## [Task details]
Each line in the records below that has the word "bool" should be copied.
______________________________
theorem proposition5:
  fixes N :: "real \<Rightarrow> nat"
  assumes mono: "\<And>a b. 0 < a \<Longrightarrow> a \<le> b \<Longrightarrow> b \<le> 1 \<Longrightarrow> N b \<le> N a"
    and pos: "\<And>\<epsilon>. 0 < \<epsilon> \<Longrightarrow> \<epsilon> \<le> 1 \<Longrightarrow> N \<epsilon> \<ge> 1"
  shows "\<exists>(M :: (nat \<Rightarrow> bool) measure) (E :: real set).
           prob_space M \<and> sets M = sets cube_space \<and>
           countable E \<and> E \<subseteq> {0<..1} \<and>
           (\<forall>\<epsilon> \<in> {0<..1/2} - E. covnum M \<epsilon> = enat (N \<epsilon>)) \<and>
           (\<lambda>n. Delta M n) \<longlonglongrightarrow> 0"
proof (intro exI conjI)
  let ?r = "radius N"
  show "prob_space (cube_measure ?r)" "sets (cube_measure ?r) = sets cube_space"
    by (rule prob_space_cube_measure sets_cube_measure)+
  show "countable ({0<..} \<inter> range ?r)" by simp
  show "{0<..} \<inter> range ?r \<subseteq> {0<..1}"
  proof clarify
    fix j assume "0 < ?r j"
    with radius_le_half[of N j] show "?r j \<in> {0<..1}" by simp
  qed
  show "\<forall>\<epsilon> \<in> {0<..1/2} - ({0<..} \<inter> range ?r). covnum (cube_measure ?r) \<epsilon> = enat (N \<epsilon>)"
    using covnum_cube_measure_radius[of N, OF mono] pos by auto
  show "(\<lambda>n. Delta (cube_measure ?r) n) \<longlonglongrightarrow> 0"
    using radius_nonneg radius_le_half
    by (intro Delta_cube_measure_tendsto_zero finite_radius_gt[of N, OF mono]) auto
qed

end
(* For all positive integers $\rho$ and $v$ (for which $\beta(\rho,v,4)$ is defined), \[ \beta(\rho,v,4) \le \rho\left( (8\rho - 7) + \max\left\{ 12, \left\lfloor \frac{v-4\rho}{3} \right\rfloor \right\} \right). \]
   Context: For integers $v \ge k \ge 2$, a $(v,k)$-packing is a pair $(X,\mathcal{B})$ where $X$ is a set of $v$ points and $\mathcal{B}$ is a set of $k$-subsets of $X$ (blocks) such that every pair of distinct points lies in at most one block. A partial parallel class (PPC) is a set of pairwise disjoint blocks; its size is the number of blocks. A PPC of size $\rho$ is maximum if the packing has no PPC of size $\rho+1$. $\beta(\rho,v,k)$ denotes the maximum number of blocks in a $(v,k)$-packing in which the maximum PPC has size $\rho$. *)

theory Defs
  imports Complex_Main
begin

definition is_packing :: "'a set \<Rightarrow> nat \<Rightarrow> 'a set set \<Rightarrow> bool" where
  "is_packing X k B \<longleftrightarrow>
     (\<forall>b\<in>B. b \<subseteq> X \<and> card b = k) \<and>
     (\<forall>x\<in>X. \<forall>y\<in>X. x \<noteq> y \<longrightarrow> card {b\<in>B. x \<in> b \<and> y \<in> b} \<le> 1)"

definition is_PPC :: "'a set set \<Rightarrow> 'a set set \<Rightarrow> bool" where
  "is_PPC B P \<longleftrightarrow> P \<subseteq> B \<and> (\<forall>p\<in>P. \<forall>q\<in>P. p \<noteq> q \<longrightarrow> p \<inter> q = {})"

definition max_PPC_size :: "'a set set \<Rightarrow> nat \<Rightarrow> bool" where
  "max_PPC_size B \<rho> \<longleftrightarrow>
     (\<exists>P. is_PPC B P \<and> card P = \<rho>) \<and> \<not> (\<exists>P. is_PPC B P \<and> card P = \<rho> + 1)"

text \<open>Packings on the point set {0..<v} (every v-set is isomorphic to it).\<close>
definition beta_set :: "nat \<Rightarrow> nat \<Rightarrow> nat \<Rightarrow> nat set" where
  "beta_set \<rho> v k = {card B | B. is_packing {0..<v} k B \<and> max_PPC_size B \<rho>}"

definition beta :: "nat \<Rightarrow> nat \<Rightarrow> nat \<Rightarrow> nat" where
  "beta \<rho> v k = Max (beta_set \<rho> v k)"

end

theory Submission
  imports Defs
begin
______________________________
## [Written reply]
  shows "\<exists>(M :: (nat \<Rightarrow> bool) measure) (E :: real set).
definition is_packing :: "'a set \<Rightarrow> nat \<Rightarrow> 'a set set \<Rightarrow> bool" where
definition is_PPC :: "'a set set \<Rightarrow> 'a set set \<Rightarrow> bool" where
definition max_PPC_size :: "'a set set \<Rightarrow> nat \<Rightarrow> bool" where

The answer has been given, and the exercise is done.